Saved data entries

lemma (in prob_space) expectation_det_eq_sum_involutions:
  fixes a :: "nat \<Rightarrow> nat \<Rightarrow> real" and X :: "nat \<Rightarrow> nat \<Rightarrow> 'a \<Rightarrow> real" and c :: real
  assumes diag: "\<forall>i<N. a i i = 0"
    and indep: "indep_vars (\<lambda>_. borel) (\<lambda>(i, j). X i j) {(i, j). i \<le> j \<and> j < N}"
    and int1: "\<forall>i j. i \<le> j \<and> j < N \<longrightarrow> integrable M (X i j)"
    and int2: "\<forall>i j. i \<le> j \<and> j < N \<longrightarrow> integrable M (\<lambda>s. (X i j s)\<^sup>2)"
    and mean0: "\<forall>i j. i \<le> j \<and> j < N \<longrightarrow> expectation (X i j) = 0"
    and var1: "\<forall>i j. i \<le> j \<and> j < N \<longrightarrow> expectation (\<lambda>s. (X i j s)\<^sup>2) = 1"
  shows "expectation (\<lambda>s. Determinant.det (mat N N (\<lambda>(i, j).
            (if i = j then c else 0) + a i j * X (min i j) (max i j) s)))
       = (\<Sum>p\<in>involutions {0..<N}.
            of_int (sign p) * (\<Prod>i\<in>moved p. a i (p i)) * c ^ (N - card (moved p)))"
proof -
  let ?P = "{p. p permutes {0..<N}}"
  let ?w = "\<lambda>p. of_int (sign p) * (\<Prod>i\<in>moved p. a i (p i)) * c ^ (N - card (moved p))"
  let ?Y = "\<lambda>p s. \<Prod>i\<in>moved p. X (min i (p i)) (max i (p i)) s"
  note moments = expectation_prod_moved_entries[OF indep int1 int2 mean0 var1]
  have det_eq: "Determinant.det (mat N N (\<lambda>(i, j).
            (if i = j then c else 0) + a i j * X (min i j) (max i j) s)) = (\<Sum>p\<in>?P. ?w p * ?Y p s)" for s
  proof -
    have "Determinant.det (mat N N (\<lambda>(i, j). (if i = j then c else 0) + a i j * X (min i j) (max i j) s))
        = (\<Sum>p\<in>?P. of_int (sign p) * c ^ (N - card (moved p))
             * (\<Prod>i\<in>moved p. a i (p i) * X (min i (p i)) (max i (p i)) s))"
      by (rule det_scalar_plus_hollow) (simp add: diag)
    then show ?thesis by (simp add: prod.distrib mult_ac)
  qed
  have "expectation (\<lambda>s. Determinant.det (mat N N (\<lambda>(i, j).
            (if i = j then c else 0) + a i j * X (min i j) (max i j) s)))
      = expectation (\<lambda>s. \<Sum>p\<in>?P. ?w p * ?Y p s)"
    by (simp only: det_eq)
  also have "\<dots> = (\<Sum>p\<in>?P. ?w p * expectation (?Y p))"
    using moments(1) by (simp add: Bochner_Integration.integral_sum)
  also have "\<dots> = (\<Sum>p\<in>?P. if \<forall>i. p (p i) = i then ?w p else 0)"
    using moments(2) by (intro sum.cong) auto
  also have "\<dots> = sum ?w {p \<in> ?P. \<forall>i. p (p i) = i}"
    by (rule sum.inter_filter[symmetric]) (simp add: finite_permutations)
  also have "{p \<in> ?P. \<forall>i. p (p i) = i} = involutions {0..<N}"
    by (auto simp: involutions_def)
  finally show ?thesis .
qed

lemma sum_sqrt_power_eq_Phi_match:
  fixes t :: real
  assumes t: "t \<ge> 0"
  shows "(\<Sum>k = 0..N div 2. phi_match k E \<omega> * sqrt t ^ (N - 2 * k))
       = (if even N then Phi_match t N E \<omega> else sqrt t * Phi_match t N E \<omega>)"
proof -
  have "sqrt t ^ (N - 2 * k) = sqrt t ^ (N mod 2) * t ^ (N div 2 - k)" if "k \<le> N div 2" for k
  proof -
    have "N - 2 * k = N mod 2 + 2 * (N div 2 - k)" using that div_mult_mod_eq[of N 2] by linarith
    then show ?thesis using t by (simp add: power_add power_mult)
  qed
  then have "(\<Sum>k = 0..N div 2. phi_match k E \<omega> * sqrt t ^ (N - 2 * k))
      = sqrt t ^ (N mod 2) * Phi_match t N E \<omega>"
    by (simp add: Phi_match_def sum_distrib_left mult_ac)
  then show ?thesis by (simp add: odd_iff_mod_2_eq_one)
qed

theorem lemma2p1:
  fixes N :: nat and E :: "nat set set" and \<omega> :: "nat set \<Rightarrow> real"
    and a :: "nat \<Rightarrow> nat \<Rightarrow> real"
    and M :: "'s measure" and X :: "nat \<Rightarrow> nat \<Rightarrow> 's \<Rightarrow> real" and t :: real
  assumes graph: "E \<subseteq> {{i, j} | i j. i < N \<and> j < N \<and> i \<noteq> j}"
    and weight_pos: "\<forall>e\<in>E. \<omega> e > 0"
    and skew: "\<forall>i<N. \<forall>j<N. a j i = - a i j"
    and support: "\<forall>i<N. \<forall>j<N. (a i j \<noteq> 0 \<longleftrightarrow> {i, j} \<in> E)"
    and entries: "\<forall>i<N. \<forall>j<N. i < j \<and> {i, j} \<in> E \<longrightarrow> a i j = sqrt (\<omega> {i, j})"
    and prob: "prob_space M"
    and rv: "\<forall>i j. i \<le> j \<and> j < N \<longrightarrow> X i j \<in> borel_measurable M"
    and indep: "prob_space.indep_vars M (\<lambda>_. borel) (\<lambda>(i, j). X i j) {(i, j). i \<le> j \<and> j < N}"
    and int1: "\<forall>i j. i \<le> j \<and> j < N \<longrightarrow> integrable M (X i j)"
    and int2: "\<forall>i j. i \<le> j \<and> j < N \<longrightarrow> integrable M (\<lambda>s. (X i j s)\<^sup>2)"
    and mean0: "\<forall>i j. i \<le> j \<and> j < N \<longrightarrow> prob_space.expectation M (X i j) = 0"
    and var1: "\<forall>i j. i \<le> j \<and> j < N \<longrightarrow> prob_space.expectation M (\<lambda>s. (X i j s)\<^sup>2) = 1"
    and t: "t \<ge> 0"
  shows "prob_space.expectation M (\<lambda>s. Determinant.det (mat N N (\<lambda>(i, j).
            (if i = j then sqrt t else 0) + a i j * X (min i j) (max i j) s)))
         = (if even N then Phi_match t N E \<omega> else sqrt t * Phi_match t N E \<omega>)"
proof -
  interpret prob_space M by (rule prob)
  have "expectation (\<lambda>s. Determinant.det (mat N N (\<lambda>(i, j).
            (if i = j then sqrt t else 0) + a i j * X (min i j) (max i j) s)))
      = (\<Sum>p\<in>involutions {0..<N}.
           of_int (sign p) * (\<Prod>i\<in>moved p. a i (p i)) * sqrt t ^ (N - card (moved p)))"
    by (rule expectation_det_eq_sum_involutions[OF _ indep int1 int2 mean0 var1])
      (rule skew_diag_zero[OF skew])
  also have "\<dots> = (\<Sum>k = 0..N div 2. phi_match k E \<omega> * sqrt t ^ (N - 2 * k))"
    by (rule sum_involutions_weight[OF graph weight_pos skew support entries])
  also have "\<dots> = (if even N then Phi_match t N E \<omega> else sqrt t * Phi_match t N E \<omega>)"
    by (rule sum_sqrt_power_eq_Phi_match[OF t])
  finally show ?thesis .
qed

end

PROBLEM STATEMENT: Repeat the data word for word, starting at its first line and stopping after the line that contains "expectation (\<lambda>s. (X".

RESULT BELOW:
lemma (in prob_space) expectation_det_eq_sum_involutions:
  fixes a :: "nat \<Rightarrow> nat \<Rightarrow> real" and X :: "nat \<Rightarrow> nat \<Rightarrow> 'a \<Rightarrow> real" and c :: real
  assumes diag: "\<forall>i<N. a i i = 0"
    and indep: "indep_vars (\<lambda>_. borel) (\<lambda>(i, j). X i j) {(i, j). i \<le> j \<and> j < N}"
    and int1: "\<forall>i j. i \<le> j \<and> j < N \<longrightarrow> integrable M (X i j)"
    and int2: "\<forall>i j. i \<le> j \<and> j < N \<longrightarrow> integrable M (\<lambda>s. (X i j s)\<^sup>2)"
    and mean0: "\<forall>i j. i \<le> j \<and> j < N \<longrightarrow> expectation (X i j) = 0"
    and var1: "\<forall>i j. i \<le> j \<and> j < N \<longrightarrow> expectation (\<lambda>s. (X i j s)\<^sup>2) = 1"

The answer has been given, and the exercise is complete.